Alpha4 Na,K-ATPase Localization and Expression Are Dynamic Aspects of Spermatogenesis and in Sperm Incubated Under Capacitating Conditions

Abstract

Utilizing high-resolution microscopy in conjunction with a new antibody highly specific for rat alpha4 Na,K-ATPase, we describe changes in alpha4 expression during spermatogenesis and in sperm incubated under capacitating and noncapacitating conditions. Immunohistochemical analyses showed alpha4 expression at low levels in spermatogonia and in pachytene spermatocytes. Alpha4 then becomes highly expressed on round spermatids and the midpiece of elongated spermatozoa within the seminiferous tubules. In noncapacitating conditions, alpha4 was confined mainly to the flagellum of mature sperm; however, under capacitating conditions, sperm acquired intense alpha4 staining along the acrosomal region of the sperm head. To visualize the precise localization of alpha4 in the sperm head, we performed an ultrastructural analysis using immuno-scanning electron microscopy. Under capacitating conditions, sperm exhibited alpha4 staining along the dorsal surface of the sperm head associated with the acrosome. In addition, after 4 h of incubation in motility buffer, we observed an increase in alpha4 protein in sperm that could be blocked with chloramphenicol, a mitochondrial-type ribosome inhibitor. These findings demonstrate that both the localization and expression level of alpha4 Na,K-ATPase are dynamic aspects of sperm maturation and suggest that sperm motility and capacitation may be supported by these changes to the location and amount of this protein.

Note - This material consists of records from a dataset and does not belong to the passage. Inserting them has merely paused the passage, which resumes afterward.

lemma path_proj_eq_iff:
  assumes p: "p \<in> path_space V"
  shows "path_proj p = x \<longleftrightarrow> (\<forall>n. x \<in> snd (p n))"
proof -
  have "closure (snd (p n)) = snd (p n)" for n
    by (simp add: closed_level[OF path_spaceD(2)[OF p]])
  then have proj: "path_proj p = (THE x. \<forall>n. x \<in> snd (p n))"
    by (simp add: path_proj_def)
  show ?thesis
  proof
    assume "path_proj p = x"
    then show "\<forall>n. x \<in> snd (p n)"
      using theI'[OF ex1_mem_path[OF p]] proj by simp
  next
    assume "\<forall>n. x \<in> snd (p n)"
    then show "path_proj p = x"
      using the1_equality[OF ex1_mem_path[OF p]] proj by simp
  qed
qed

lemma path_proj_mem_snd: "p \<in> path_space V \<Longrightarrow> path_proj p \<in> snd (p n)"
  using path_proj_eq_iff by blast

lemma path_proj_mem_fst:
  assumes p: "p \<in> path_space V"
  shows "path_proj p \<in> fst (p n)"
proof (cases n)
  case 0
  then show ?thesis
    using path_spaceD(1)[OF p, of 0] level_0 by simp
next
  case (Suc m)
  then show ?thesis
    using path_proj_mem_snd[OF p, of m] path_spaceD(4)[OF p, of m] by simp
qed

text \<open>A cylinder of length \<open>N + 1\<close> fixes the cover element \<open>snd (p N)\<close> containing the projection.\<close>

lemma continuous_map_path_proj: "continuous_map (path_topology V) euclidean path_proj"
proof (unfold continuous_map_def topspace_path_topology, intro conjI ballI allI impI)
  fix U :: "'a set"
  assume "openin euclidean U"
  show "openin (path_topology V) {p \<in> path_space V. path_proj p \<in> U}"
    unfolding openin_path_topology
  proof (intro conjI ballI)
    fix p
    assume "p \<in> {p \<in> path_space V. path_proj p \<in> U}"
    then have p: "p \<in> path_space V" and "path_proj p \<in> U"
      by auto
    then obtain r where "r > 0" and ball: "ball (path_proj p) r \<subseteq> U"
      using open_contains_ball \<open>openin euclidean U\<close> by (metis open_openin)
    then obtain N where N: "\<And>m. m \<ge> N \<Longrightarrow> Max (diameter ` V m) < r"
      using order_tendstoD(2)[OF max_diameter_tendsto_0] unfolding eventually_sequentially by blast
    have "path_proj q \<in> U" if q: "q \<in> path_space V" "q N = p N" for q
    proof -
      have "path_proj q \<in> snd (p N)" "path_proj p \<in> snd (p N)"
        using path_proj_mem_snd q p by metis+
      then have "dist (path_proj p) (path_proj q) \<le> Max (diameter ` V (Suc N))"
        using dist_le_max_diameter path_spaceD(2)[OF p] by blast
      also have "\<dots> < r"
        using N by simp
      finally show ?thesis
        using ball by auto
    qed
    then have "cylinder V p (Suc N) \<subseteq> {p \<in> path_space V. path_proj p \<in> U}"
      by (simp add: cylinder_def subset_iff)
    then show "\<exists>k. cylinder V p k \<subseteq> {p \<in> path_space V. path_proj p \<in> U}"
      by blast
  qed blast
qed simp

lemma mem_Union_overlapping_set_iff:
  "x \<in> \<Union>(overlapping_set V n) \<longleftrightarrow> (\<exists>v\<in>V n. \<exists>w\<in>V n. v \<noteq> w \<and> x \<in> v \<and> x \<in> w)"
proof
  assume "x \<in> \<Union>(overlapping_set V n)"
  then obtain v w where "v \<in> V n" "w \<in> V n" "v \<noteq> w" "x \<in> closure v" "x \<in> closure w"
    unfolding overlapping_set_def by blast
  moreover have "closure v = v" "closure w = w"
    using closed_level[OF \<open>v \<in> V n\<close>] closed_level[OF \<open>w \<in> V n\<close>] by simp_all
  ultimately show "\<exists>v\<in>V n. \<exists>w\<in>V n. v \<noteq> w \<and> x \<in> v \<and> x \<in> w"
    by metis
next
  assume "\<exists>v\<in>V n. \<exists>w\<in>V n. v \<noteq> w \<and> x \<in> v \<and> x \<in> w"
  then obtain v w where "v \<in> V n" "w \<in> V n" "v \<noteq> w" "x \<in> v" "x \<in> w"
    by blast
  moreover have "x \<in> closure v \<inter> closure w"
    using closure_subset calculation(4,5) by blast
  ultimately show "x \<in> \<Union>(overlapping_set V n)"
    unfolding overlapping_set_def by blast
qed

lemma closed_Union_overlapping_set: "closed (\<Union>(overlapping_set V n))"
proof (rule closed_Union)
  have "overlapping_set V n \<subseteq> (\<lambda>(v, w). closure v \<inter> closure w) ` (V n \<times> V n)"
    unfolding overlapping_set_def by auto
  then show "finite (overlapping_set V n)"
    using finite_level finite_subset by blast
qed (auto simp: overlapping_set_def)

lemma exists_chain_ending_at:
  "w \<in> V n \<Longrightarrow> \<exists>f. (\<forall>m\<le>n. f m \<in> V m) \<and> (\<forall>m<n. f (Suc m) \<subseteq> f m) \<and> f n = w"
proof (induction n arbitrary: w)
  case 0
  then show ?case
    by (intro exI[of _ "\<lambda>_. w"]) auto
next
  case (Suc n)
  obtain v where v: "v \<in> V n" "w \<subseteq> v"
    using refines[OF Suc.prems] by blast
  then obtain f where "\<forall>m\<le>n. f m \<in> V m" "\<forall>m<n. f (Suc m) \<subseteq> f m" "f n = v"
    using Suc.IH by blast
  with v Suc.prems show ?case
    by (intro exI[of _ "f(Suc n := w)"]) (simp add: less_Suc_eq le_Suc_eq)
qed

end

locale essential_refining_sequence = closed_refining_sequence +
  assumes essential: "essential_graph V"
begin

lemma exists_child_containing:
  assumes "v \<in> V n" "x \<in> v"
  shows "\<exists>w. w \<in> V (Suc n) \<and> w \<subseteq> v \<and> x \<in> w"
proof -
  have "v = \<Union>{w \<in> V (Suc n). w \<subseteq> v}"
    using essential assms(1) unfolding essential_graph_def regular_graph_def by blast
  with assms(2) show ?thesis
    by blast
qed

lemma exists_chain_through:
  assumes "u \<in> V k" "x \<in> u"
  shows "\<exists>g. g 0 = u \<and> (\<forall>m. g m \<in> V (k + m) \<and> g (Suc m) \<subseteq> g m \<and> x \<in> g m)"
proof -
  define g where "g = rec_nat u (\<lambda>m c. SOME w. w \<in> V (Suc (k + m)) \<and> w \<subseteq> c \<and> x \<in> w)"
  have step: "g (Suc m) \<in> V (Suc (k + m)) \<and> g (Suc m) \<subseteq> g m \<and> x \<in> g (Suc m)"
    if "g m \<in> V (k + m)" "x \<in> g m" for m
    using someI_ex[OF exists_child_containing[OF that]] by (simp add: g_def)
  have "g m \<in> V (k + m) \<and> x \<in> g m" for m
    by (induction m) (use assms step in \<open>auto simp: g_def\<close>)
  with step show ?thesis
    by (intro exI[of _ g]) (simp add: g_def)
qed

lemma extend_chain_to_path:
  assumes f: "\<And>m. m \<le> k \<Longrightarrow> f m \<in> V m" "\<And>m. m < k \<Longrightarrow> f (Suc m) \<subseteq> f m"
    and x: "x \<in> f k"
  obtains q where "q \<in> path_space V" "\<And>m. m \<le> k \<Longrightarrow> fst (q m) = f m" "path_proj q = x"
proof -
  obtain g where g: "g 0 = f k" "\<And>m. g m \<in> V (k + m)" "\<And>m. g (Suc m) \<subseteq> g m" "\<And>m. x \<in> g m"
    using exists_chain_through[OF f(1) x] by blast
  define h where "h m = (if m \<le> k then f m else g (m - k))" for m
  have h_level: "h m \<in> V m" for m
    using f(1) g(2)[of "m - k"] by (cases "m \<le> k") (simp_all add: h_def)
  have h_mono: "h (Suc m) \<subseteq> h m" for m
  proof -
    consider "m < k" | "m = k" | "k < m"
      by linarith
    then show ?thesis
    proof cases
      case 1
      with f(2) show ?thesis
        by (simp add: h_def)
    next
      case 2
      with g(1) g(3)[of 0] show ?thesis
        by (simp add: h_def)
    next
      case 3
      with g(3)[of "m - k"] show ?thesis
        by (simp add: h_def Suc_diff_le)
    qed
  qed
  have h_x: "x \<in> h m" for m
  proof (cases "m \<le> k")
    case True
    have "h k \<subseteq> h m"
      using decseq_SucI[of h, OF h_mono] True by (simp add: decseq_def)
    then show ?thesis
      using x by (auto simp: h_def)
  qed (use g(4) in \<open>simp add: h_def\<close>)
  have q: "(\<lambda>m. (h m, h (Suc m))) \<in> path_space V"
    using chain_in_path_space h_level h_mono by blast
  show ?thesis
  proof (rule that[OF q])
    show "fst (h m, h (Suc m)) = f m" if "m \<le> k" for m
      using that by (simp add: h_def)
    show "path_proj (\<lambda>m. (h m, h (Suc m))) = x"
      using path_proj_eq_iff[OF q] h_x by simp
  qed
qed

lemma exists_path_through:
  assumes "w \<in> V n" "x \<in> w"
  obtains q where "q \<in> path_space V" "fst (q n) = w" "path_proj q = x"
proof -
  obtain f where "\<forall>m\<le>n. f m \<in> V m" "\<forall>m<n. f (Suc m) \<subseteq> f m" "f n = w"
    using exists_chain_ending_at[OF assms(1)] by blast
  with assms(2) show ?thesis
    by (metis extend_chain_to_path order_refl that)
qed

Keywords: ATP1A4; Na,K-ATPase alpha4; Sertoli cell; capacitation; spermatozoa; testis.

Figure 1

Characterization of a new polyclonal anti-alpha4 Na,K-ATPase antibody. Total protein was extracted from various rat tissues and separated by SDS-PAGE. The blot was probed with our newly generated anti-alpha4 antibody, labeled with an HRP-conjugated goat anti-rabbit secondary antibody, and exposed on autoradiographic film. A single, testis-specific band was produced corresponding to the alpha4 Na,K-ATPase.

Figure 2

Immunohistochemistry of alpha4 Na,K-ATPase and the acrosomal compartment during spermatogenesis. Paraffin sections of rat testis were probed for alpha4 and the acrosomal compartment using anti-alpha4 primary/Alexa 594 secondary antibodies and PNA-FITC, respectively. All sections were counterstained with DAPI. (A) Low (left) and high magnification (right) images for alpha4 expression and acrosome staining in the seminiferous tubules. The arrows in the top right panel in (A) indicate alpha4 staining in presumptive Sertoli cells. For controls, (B) the anti-alpha4 antibody was preabsorbed with the immunizing alpha4 peptide and subsequently used for immunohistochemistry, or (C) the primary antibody was omitted entirely. Mag. bar = 50 µm.

Figure 3

Immunocytochemical localization of the alpha4 Na,K-ATPase in noncapacitated and capacitated sperm. Sperm were isolated from rat caudal epididymes, fixed, and probed for alpha4 (A) immediately after isolation (top row) or after being incubated for 4 h in noncapacitating (middle row) or capacitating media (bottom row). The white arrowheads in (A) (bottom panel) indicate alpha4 staining in the acrosomal region of the sperm head. (B) The primary antibody was omitted to determine the specificity of our secondary antibody. Mag. bar = 20 µm.

Figure 4

Ultrastructural localization of the alpha4 Na,K-ATPase in the sperm head. Sperm were fixed, mounted onto glass coverslips, incubated (A) with or (B) without the anti-alpha4 antibody, and labeled with 18 nm colloid gold. Following immunolabeling, sperm were postfixed, dehydrated, carbon coated, and visualized in a scanning electron microscope. Sperm were imaged using a Zeiss Supra 35 VP FEG SEM using a 12 kV accelerating voltage, 7 mm working distance, and 30 µm NA. Nuclei are outlined in the inset images. Mag. bar = 1 µm.

Figure 5

Sperm synthesize new alpha4 peptides from mitochondrial ribosomes. Sperm total protein was extracted from freshly isolated caudal sperm (0 h) or sperm incubated for 4 h in noncapacitating buffer, capacitating buffer, or capacitating buffer supplemented with chloramphenicol and were subjected to western blotting. (A) A representative western blot of alpha4 total protein levels. β-tubulin was included as a loading control. (B) Alpha4 protein levels were normalized to β-tubulin and expressed as a fold change with respect to alpha4 protein levels at 0 h. Bar chart represents the mean ± SEM fold change of three blots for three biological replicates (9 blots total). Statistical analyses were performed using a Welch’s t-test (* p < 0.05; ** p < 0.01) and unpaired student’s t-test (^### p < 0.001).